> _Available data_

lemma tri_lift_power_3_less:
  assumes P: "cmod P < 1" and Q: "cmod Q < 1" and R: "cmod R < 1" and c: "cmod c = 1"
    and right_PQ: "cross (Q - P) (c - P) < 0"
    and right_v: "cross (other_end P c - other_end Q c) (R - other_end Q c) < 0"
    and x: "circ x = c"
  shows "(tri_lift P Q R ^^ 3) x < x + 1"
proof -
  define F where "F = tri_lift P Q R"
  define v1 where "v1 = other_end Q c"
  define v2 where "v2 = other_end P c"
  define al where "al = ccw_dist c v1"
  define be where "be = ccw_dist c v2"
  have v1: "cmod v1 = 1" "v1 \<noteq> c" unfolding v1_def using cmod_other_end other_end_neq Q c by auto
  have v2: "cmod v2 = 1" unfolding v2_def using cmod_other_end P c by auto
  have al_be: "0 < al" "al < be" "be < 1"
    using ccw_dist_pos[OF c v1] ccw_dist_other_end_less[OF P Q c right_PQ] ccw_dist_less_1
    by (simp_all add: al_def be_def v1_def v2_def)
  have circ_v1: "circ (x + al) = v1" and circ_v2: "circ (x + be) = v2"
    using circ_add_ccw_dist v1 v2 x by (auto simp: al_def be_def)
  have mono: "strict_mono F" unfolding F_def by (rule strict_mono_tri_lift[OF P Q R])
  have step_Q: "F x \<le> x + al"
    using tri_lift_le_end_lift[of Q P Q R x] end_lift_circ_eq[OF x] by (simp add: F_def al_def v1_def)
  have step_R: "F (x + al) < x + be"
  proof -
    have "ccw_dist v1 v2 = be - al"
      using ccw_dist_circ_add[of al be x] al_be circ_v1 circ_v2 by simp
    moreover have "v2 \<noteq> v1" using al_be by (auto simp: al_def be_def)
    moreover have "cross (v2 - v1) (R - v1) < 0" using right_v by (simp add: v1_def v2_def)
    ultimately have "ccw_dist v1 (other_end R v1) < be - al"
      using cross_sign_other_end[OF v1(1) v2 _ R] by fastforce
    then show ?thesis
      using tri_lift_le_end_lift[of R P Q R "x + al"] end_lift_circ_eq[OF circ_v1] by (simp add: F_def)
  qed
  have step_P: "F (x + be) \<le> x + 1"
  proof -
    have "circ (x + 1) = c" using x circ_add_Ints[of 1 x] by simp
    then have "ccw_dist v2 c = 1 - be"
      using ccw_dist_circ_add[of be 1 x] al_be circ_v2 by simp
    then show ?thesis
      using tri_lift_le_end_lift[of P P Q R "x + be"] end_lift_circ_eq[OF circ_v2]
        other_end_involution[OF P c] by (simp add: F_def v2_def)
  qed
  have "F (F x) < x + be"
    using strict_mono_less_eq[OF mono] step_Q step_R by (meson le_less_trans)
  then have "F (F (F x)) < x + 1"
    using strict_mono_less[OF mono] step_P by (meson less_le_trans)
  then show ?thesis unfolding F_def by (simp add: numeral_3_eq_3)
qed

definition three_step_witness :: "complex \<Rightarrow> complex \<Rightarrow> complex \<Rightarrow> bool" where
  "three_step_witness P Q R \<longleftrightarrow> (\<exists>c. cmod c = 1 \<and> cross (Q - P) (c - P) < 0 \<and>
     cross (other_end P c - other_end Q c) (R - other_end Q c) < 0)"

lemma psi_lift_power_3_less:
  assumes "cmod P < 1" "cmod Q < 1" "cmod R < 1" and "three_step_witness P Q R"
  shows "\<exists>w\<in>S1. \<forall>w'. circ w' = w \<longrightarrow> (psi_lift (convex hull {P, Q, R}) ^^ 3) w' < w' + 1"
proof -
  obtain c where c: "cmod c = 1" "cross (Q - P) (c - P) < 0"
    "cross (other_end P c - other_end Q c) (R - other_end Q c) < 0"
    using assms(4) unfolding three_step_witness_def by blast
  show ?thesis
    unfolding psi_lift_triangle[OF assms(1-3)]
    using tri_lift_power_3_less[OF assms(1-3) c] c(1) S1_iff by blast
qed

section \<open>The Klein distance\<close>

definition cr_dist :: "complex \<Rightarrow> complex \<Rightarrow> complex \<Rightarrow> complex \<Rightarrow> real" where
  "cr_dist a b P Q = \<bar>ln ((cmod (Q - a) * cmod (P - b)) / (cmod (P - a) * cmod (Q - b)))\<bar> / 2"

> _Exercise brief_
Reproduce the records exactly, keeping every line.

> _Response to the exercise_
lemma tri_lift_power_3_less:
  assumes P: "cmod P < 1" and Q: "cmod Q < 1" and R: "cmod R < 1" and c: "cmod c = 1"
    and right_PQ: "cross (Q - P) (c - P) < 0"
    and right_v: "cross (other_end P c - other_end Q c) (R - other_end Q c) < 0"
    and x: "circ x = c"
  shows "(tri_lift P Q R ^^ 3) x < x + 1"
proof -
  define F where "F = tri_lift P Q R"
  define v1 where "v1 = other_end Q c"
  define v2 where "v2 = other_end P c"
  define al where "al = ccw_dist c v1"
  define be where "be = ccw_dist c v2"
  have v1: "cmod v1 = 1" "v1 \<noteq> c" unfolding v1_def using cmod_other_end other_end_neq Q c by auto
  have v2: "cmod v2 = 1" unfolding v2_def using cmod_other_end P c by auto
  have al_be: "0 < al" "al < be" "be < 1"
    using ccw_dist_pos[OF c v1] ccw_dist_other_end_less[OF P Q c right_PQ] ccw_dist_less_1
    by (simp_all add: al_def be_def v1_def v2_def)
  have circ_v1: "circ (x + al) = v1" and circ_v2: "circ (x + be) = v2"
    using circ_add_ccw_dist v1 v2 x by (auto simp: al_def be_def)
  have mono: "strict_mono F" unfolding F_def by (rule strict_mono_tri_lift[OF P Q R])
  have step_Q: "F x \<le> x + al"
    using tri_lift_le_end_lift[of Q P Q R x] end_lift_circ_eq[OF x] by (simp add: F_def al_def v1_def)
  have step_R: "F (x + al) < x + be"
  proof -
    have "ccw_dist v1 v2 = be - al"
      using ccw_dist_circ_add[of al be x] al_be circ_v1 circ_v2 by simp
    moreover have "v2 \<noteq> v1" using al_be by (auto simp: al_def be_def)
    moreover have "cross (v2 - v1) (R - v1) < 0" using right_v by (simp add: v1_def v2_def)
    ultimately have "ccw_dist v1 (other_end R v1) < be - al"
      using cross_sign_other_end[OF v1(1) v2 _ R] by fastforce
    then show ?thesis
      using tri_lift_le_end_lift[of R P Q R "x + al"] end_lift_circ_eq[OF circ_v1] by (simp add: F_def)
  qed
  have step_P: "F (x + be) \<le> x + 1"
  proof -
    have "circ (x + 1) = c" using x circ_add_Ints[of 1 x] by simp
    then have "ccw_dist v2 c = 1 - be"
      using ccw_dist_circ_add[of be 1 x] al_be circ_v2 by simp
    then show ?thesis
      using tri_lift_le_end_lift[of P P Q R "x + be"] end_lift_circ_eq[OF circ_v2]
        other_end_involution[OF P c] by (simp add: F_def v2_def)
  qed
  have "F (F x) < x + be"
    using strict_mono_less_eq[OF mono] step_Q step_R by (meson le_less_trans)
  then have "F (F (F x)) < x + 1"
    using strict_mono_less[OF mono] step_P by (meson less_le_trans)
  then show ?thesis unfolding F_def by (simp add: numeral_3_eq_3)
qed

definition three_step_witness :: "complex \<Rightarrow> complex \<Rightarrow> complex \<Rightarrow> bool" where
  "three_step_witness P Q R \<longleftrightarrow> (\<exists>c. cmod c = 1 \<and> cross (Q - P) (c - P) < 0 \<and>
     cross (other_end P c - other_end Q c) (R - other_end Q c) < 0)"

lemma psi_lift_power_3_less:
  assumes "cmod P < 1" "cmod Q < 1" "cmod R < 1" and "three_step_witness P Q R"
  shows "\<exists>w\<in>S1. \<forall>w'. circ w' = w \<longrightarrow> (psi_lift (convex hull {P, Q, R}) ^^ 3) w' < w' + 1"
proof -
  obtain c where c: "cmod c = 1" "cross (Q - P) (c - P) < 0"
    "cross (other_end P c - other_end Q c) (R - other_end Q c) < 0"
    using assms(4) unfolding three_step_witness_def by blast
  show ?thesis
    unfolding psi_lift_triangle[OF assms(1-3)]
    using tri_lift_power_3_less[OF assms(1-3) c] c(1) S1_iff by blast
qed

section \<open>The Klein distance\<close>

definition cr_dist :: "complex \<Rightarrow> complex \<Rightarrow> complex \<Rightarrow> complex \<Rightarrow> real" where
  "cr_dist a b P Q = \<bar>ln ((cmod (Q - a) * cmod (P - b)) / (cmod (P - a) * cmod (Q - b)))\<bar> / 2"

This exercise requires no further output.